* [Prompt] For the listing that follows, give again exactly the lines from the one with "proof (rule abs_deriv_le_of_cos_eq[OF deriv cos_eq'])" to the one with "by (intro mult_right_mono", including both.
____________________
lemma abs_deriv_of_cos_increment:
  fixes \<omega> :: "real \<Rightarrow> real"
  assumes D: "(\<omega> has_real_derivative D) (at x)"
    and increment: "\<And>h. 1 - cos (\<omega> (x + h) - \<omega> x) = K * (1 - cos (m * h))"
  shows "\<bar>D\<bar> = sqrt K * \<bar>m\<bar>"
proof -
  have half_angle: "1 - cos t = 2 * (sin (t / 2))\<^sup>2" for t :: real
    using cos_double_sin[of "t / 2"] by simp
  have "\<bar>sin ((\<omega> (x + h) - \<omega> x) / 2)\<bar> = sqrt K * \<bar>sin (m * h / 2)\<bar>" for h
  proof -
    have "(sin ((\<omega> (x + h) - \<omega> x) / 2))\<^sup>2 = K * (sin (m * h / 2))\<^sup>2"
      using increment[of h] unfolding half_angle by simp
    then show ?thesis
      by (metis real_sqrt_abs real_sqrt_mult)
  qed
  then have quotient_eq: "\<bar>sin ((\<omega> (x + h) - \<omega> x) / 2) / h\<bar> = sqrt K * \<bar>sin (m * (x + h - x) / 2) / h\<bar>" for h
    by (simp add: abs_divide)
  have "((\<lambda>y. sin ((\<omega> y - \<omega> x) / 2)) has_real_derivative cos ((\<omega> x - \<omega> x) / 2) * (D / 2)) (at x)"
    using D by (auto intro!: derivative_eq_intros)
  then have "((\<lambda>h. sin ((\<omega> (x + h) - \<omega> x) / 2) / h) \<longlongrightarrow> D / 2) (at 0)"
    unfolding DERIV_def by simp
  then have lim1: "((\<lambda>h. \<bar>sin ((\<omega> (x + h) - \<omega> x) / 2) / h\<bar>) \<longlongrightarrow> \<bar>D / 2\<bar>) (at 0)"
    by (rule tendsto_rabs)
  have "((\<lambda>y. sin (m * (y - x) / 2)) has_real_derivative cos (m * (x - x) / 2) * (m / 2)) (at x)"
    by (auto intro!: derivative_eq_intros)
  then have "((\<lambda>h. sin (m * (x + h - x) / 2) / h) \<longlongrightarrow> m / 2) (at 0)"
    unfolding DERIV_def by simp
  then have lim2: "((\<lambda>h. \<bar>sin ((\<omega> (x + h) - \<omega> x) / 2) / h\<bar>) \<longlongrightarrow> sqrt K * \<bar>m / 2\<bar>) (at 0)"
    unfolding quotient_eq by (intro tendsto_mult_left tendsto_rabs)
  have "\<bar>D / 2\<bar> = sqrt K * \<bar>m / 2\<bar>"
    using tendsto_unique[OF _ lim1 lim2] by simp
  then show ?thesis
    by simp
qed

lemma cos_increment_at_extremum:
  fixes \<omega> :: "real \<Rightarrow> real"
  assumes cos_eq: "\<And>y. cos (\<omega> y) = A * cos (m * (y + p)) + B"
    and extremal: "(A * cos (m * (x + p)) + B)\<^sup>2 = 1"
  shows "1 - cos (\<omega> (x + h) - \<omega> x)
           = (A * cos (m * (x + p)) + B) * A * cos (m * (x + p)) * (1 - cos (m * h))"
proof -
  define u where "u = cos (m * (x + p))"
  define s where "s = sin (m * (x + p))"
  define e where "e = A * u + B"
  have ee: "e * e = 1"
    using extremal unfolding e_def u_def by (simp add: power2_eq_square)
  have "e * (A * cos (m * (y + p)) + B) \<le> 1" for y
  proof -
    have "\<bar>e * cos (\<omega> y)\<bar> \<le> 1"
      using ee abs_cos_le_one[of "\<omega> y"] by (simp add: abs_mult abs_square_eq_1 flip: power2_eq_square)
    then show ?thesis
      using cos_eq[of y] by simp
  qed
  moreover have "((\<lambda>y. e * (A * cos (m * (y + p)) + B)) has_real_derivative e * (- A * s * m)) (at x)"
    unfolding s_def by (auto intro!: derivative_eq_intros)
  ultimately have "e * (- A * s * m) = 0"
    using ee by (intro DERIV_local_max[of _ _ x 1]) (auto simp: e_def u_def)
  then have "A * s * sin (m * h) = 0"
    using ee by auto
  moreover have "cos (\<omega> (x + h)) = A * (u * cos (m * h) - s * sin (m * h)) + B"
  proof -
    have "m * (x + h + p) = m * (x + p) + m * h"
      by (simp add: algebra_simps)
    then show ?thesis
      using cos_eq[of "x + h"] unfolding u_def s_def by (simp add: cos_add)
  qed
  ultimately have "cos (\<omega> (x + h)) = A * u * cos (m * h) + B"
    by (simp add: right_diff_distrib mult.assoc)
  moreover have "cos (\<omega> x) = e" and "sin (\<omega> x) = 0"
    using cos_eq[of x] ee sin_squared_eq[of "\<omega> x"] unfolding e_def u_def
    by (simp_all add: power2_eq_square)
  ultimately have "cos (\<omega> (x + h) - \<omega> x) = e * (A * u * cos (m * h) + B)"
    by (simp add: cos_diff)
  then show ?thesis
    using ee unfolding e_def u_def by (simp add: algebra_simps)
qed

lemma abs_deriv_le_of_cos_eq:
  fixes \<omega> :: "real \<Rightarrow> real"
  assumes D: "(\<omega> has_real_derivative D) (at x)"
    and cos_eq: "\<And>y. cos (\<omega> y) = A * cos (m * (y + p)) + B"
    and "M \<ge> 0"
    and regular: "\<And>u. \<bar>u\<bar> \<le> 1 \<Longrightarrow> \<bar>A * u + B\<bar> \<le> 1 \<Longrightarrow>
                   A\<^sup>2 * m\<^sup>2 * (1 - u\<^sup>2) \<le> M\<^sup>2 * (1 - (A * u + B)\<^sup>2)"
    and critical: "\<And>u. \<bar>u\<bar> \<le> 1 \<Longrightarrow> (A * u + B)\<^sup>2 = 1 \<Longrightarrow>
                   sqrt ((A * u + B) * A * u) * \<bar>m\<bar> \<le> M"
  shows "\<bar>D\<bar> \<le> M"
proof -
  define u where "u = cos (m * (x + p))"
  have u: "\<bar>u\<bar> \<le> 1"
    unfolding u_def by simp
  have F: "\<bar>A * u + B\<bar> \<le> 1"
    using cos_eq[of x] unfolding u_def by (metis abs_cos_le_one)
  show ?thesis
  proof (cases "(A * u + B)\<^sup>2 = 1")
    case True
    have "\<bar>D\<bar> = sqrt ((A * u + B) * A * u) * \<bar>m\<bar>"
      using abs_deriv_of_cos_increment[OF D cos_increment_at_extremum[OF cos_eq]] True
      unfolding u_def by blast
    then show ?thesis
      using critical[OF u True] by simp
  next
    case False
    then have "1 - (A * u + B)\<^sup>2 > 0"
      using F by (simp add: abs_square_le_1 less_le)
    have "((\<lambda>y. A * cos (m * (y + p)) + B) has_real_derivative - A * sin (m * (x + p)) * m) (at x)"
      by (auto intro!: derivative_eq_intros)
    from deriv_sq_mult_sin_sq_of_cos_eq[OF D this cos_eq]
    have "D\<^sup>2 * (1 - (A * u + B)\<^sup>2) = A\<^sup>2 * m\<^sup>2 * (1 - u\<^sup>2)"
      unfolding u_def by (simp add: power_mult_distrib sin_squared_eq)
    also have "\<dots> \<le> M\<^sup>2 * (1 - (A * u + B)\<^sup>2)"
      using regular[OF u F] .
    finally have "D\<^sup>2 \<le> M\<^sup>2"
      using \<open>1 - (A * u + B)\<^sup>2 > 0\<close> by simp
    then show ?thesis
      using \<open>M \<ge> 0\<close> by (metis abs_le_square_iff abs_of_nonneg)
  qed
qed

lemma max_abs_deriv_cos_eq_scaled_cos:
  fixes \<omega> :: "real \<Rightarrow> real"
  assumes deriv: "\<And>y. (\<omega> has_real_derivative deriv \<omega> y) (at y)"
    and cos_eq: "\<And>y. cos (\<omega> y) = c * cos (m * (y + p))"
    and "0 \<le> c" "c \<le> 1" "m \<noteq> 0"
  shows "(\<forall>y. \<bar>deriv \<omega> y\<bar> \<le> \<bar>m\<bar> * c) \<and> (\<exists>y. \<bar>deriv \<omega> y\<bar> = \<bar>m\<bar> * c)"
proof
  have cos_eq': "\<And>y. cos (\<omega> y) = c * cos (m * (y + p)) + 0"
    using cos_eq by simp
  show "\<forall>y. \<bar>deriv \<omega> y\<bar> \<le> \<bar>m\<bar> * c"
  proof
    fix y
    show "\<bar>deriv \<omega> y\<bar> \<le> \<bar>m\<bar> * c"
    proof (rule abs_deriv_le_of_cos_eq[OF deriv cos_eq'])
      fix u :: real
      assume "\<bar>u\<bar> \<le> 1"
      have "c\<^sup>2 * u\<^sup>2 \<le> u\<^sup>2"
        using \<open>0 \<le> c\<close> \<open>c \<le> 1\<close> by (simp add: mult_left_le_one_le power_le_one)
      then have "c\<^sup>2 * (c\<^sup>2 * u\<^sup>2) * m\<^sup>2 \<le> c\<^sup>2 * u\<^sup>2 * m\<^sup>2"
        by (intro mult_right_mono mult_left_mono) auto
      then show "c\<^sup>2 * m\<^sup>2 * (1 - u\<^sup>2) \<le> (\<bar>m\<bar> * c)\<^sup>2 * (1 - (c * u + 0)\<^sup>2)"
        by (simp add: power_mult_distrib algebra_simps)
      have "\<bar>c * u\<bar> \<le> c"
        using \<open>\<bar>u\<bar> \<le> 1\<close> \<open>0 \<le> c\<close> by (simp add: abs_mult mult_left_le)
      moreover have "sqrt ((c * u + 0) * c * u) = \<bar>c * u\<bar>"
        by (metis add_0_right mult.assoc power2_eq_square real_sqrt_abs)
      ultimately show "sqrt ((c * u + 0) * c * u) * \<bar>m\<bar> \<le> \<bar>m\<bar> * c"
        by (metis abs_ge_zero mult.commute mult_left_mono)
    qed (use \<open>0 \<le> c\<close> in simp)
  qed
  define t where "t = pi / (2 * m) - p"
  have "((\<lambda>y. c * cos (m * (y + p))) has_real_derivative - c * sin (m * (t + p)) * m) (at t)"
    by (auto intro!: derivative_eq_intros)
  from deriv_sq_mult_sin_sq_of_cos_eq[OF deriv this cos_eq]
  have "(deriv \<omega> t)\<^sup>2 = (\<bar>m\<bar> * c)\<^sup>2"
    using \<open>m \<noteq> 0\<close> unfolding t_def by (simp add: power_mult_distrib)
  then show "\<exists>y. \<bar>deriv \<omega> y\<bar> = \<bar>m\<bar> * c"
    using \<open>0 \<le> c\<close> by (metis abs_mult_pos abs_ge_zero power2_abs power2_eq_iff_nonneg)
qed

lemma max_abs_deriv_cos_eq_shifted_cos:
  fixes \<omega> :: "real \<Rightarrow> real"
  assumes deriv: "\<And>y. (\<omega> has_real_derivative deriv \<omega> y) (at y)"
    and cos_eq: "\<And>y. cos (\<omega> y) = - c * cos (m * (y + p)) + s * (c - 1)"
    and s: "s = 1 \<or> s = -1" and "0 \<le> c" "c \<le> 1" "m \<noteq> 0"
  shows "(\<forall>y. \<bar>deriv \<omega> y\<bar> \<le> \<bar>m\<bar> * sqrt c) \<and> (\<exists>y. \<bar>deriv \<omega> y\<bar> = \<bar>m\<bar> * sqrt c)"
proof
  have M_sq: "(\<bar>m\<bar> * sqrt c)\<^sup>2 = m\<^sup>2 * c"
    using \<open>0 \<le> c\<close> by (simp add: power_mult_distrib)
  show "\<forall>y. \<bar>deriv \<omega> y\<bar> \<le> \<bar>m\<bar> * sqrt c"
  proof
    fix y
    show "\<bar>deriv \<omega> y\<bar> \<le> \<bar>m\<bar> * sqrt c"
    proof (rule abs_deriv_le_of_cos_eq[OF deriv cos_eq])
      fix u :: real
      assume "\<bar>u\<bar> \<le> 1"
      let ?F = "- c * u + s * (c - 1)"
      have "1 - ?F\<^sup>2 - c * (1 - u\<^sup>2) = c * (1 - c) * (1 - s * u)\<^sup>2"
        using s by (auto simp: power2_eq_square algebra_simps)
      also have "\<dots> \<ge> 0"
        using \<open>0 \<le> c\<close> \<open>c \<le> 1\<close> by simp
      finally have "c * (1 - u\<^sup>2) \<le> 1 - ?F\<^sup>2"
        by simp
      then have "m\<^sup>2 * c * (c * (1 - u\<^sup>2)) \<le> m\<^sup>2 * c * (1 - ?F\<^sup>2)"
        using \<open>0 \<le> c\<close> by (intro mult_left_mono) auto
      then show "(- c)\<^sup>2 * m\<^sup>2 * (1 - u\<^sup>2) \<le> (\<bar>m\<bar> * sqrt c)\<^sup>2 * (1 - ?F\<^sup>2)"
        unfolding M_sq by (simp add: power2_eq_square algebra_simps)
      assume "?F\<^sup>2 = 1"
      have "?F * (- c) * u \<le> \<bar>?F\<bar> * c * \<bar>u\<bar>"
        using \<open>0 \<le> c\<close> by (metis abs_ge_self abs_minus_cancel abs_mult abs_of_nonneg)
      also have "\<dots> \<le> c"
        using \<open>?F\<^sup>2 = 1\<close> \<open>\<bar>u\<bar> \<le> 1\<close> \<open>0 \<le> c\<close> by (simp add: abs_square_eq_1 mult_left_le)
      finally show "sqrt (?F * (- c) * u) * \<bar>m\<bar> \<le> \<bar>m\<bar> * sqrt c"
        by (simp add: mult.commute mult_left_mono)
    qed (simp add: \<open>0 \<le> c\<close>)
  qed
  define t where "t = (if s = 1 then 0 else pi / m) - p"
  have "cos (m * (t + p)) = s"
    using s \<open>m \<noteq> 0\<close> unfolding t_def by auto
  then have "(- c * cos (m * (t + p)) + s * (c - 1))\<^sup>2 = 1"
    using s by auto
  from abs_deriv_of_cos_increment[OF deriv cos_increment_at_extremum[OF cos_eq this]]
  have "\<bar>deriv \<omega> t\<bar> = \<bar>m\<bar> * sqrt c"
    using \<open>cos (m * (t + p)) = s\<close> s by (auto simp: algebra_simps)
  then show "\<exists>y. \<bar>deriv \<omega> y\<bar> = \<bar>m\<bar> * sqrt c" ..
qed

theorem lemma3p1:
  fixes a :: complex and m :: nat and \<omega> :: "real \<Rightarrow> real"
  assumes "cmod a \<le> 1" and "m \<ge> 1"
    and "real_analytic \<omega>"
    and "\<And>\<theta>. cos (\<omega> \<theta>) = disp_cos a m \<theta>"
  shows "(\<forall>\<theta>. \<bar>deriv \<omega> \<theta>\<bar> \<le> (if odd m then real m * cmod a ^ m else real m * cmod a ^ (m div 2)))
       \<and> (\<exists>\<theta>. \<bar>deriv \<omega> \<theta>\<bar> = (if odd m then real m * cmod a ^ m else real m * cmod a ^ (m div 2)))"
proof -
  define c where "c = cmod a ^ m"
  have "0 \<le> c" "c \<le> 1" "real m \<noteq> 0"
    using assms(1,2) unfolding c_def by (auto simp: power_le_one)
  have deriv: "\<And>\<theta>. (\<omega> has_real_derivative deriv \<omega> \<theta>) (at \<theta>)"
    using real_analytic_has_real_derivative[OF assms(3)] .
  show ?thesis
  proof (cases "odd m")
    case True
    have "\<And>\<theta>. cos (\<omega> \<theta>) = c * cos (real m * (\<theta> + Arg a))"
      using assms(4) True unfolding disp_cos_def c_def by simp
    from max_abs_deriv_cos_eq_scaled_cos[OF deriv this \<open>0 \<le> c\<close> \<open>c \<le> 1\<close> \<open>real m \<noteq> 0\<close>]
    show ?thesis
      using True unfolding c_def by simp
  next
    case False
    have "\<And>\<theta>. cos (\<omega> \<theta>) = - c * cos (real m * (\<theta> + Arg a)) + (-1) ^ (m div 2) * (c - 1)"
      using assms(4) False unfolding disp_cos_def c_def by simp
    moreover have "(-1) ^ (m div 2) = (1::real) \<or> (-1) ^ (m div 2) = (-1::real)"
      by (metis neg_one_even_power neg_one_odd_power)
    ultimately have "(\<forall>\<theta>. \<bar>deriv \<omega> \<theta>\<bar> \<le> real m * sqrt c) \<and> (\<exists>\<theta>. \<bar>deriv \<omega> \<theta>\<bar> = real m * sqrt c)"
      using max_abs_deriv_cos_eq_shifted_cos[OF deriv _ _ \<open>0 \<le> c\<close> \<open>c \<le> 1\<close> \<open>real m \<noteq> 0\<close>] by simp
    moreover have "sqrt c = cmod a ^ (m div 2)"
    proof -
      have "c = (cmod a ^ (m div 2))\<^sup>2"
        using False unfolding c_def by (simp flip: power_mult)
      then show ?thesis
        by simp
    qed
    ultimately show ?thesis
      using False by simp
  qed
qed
____________________
* [Task result]
    proof (rule abs_deriv_le_of_cos_eq[OF deriv cos_eq'])
      fix u :: real
      assume "\<bar>u\<bar> \<le> 1"
      have "c\<^sup>2 * u\<^sup>2 \<le> u\<^sup>2"
        using \<open>0 \<le> c\<close> \<open>c \<le> 1\<close> by (simp add: mult_left_le_one_le power_le_one)
      then have "c\<^sup>2 * (c\<^sup>2 * u\<^sup>2) * m\<^sup>2 \<le> c\<^sup>2 * u\<^sup>2 * m\<^sup>2"
        by (intro mult_right_mono mult_left_mono) auto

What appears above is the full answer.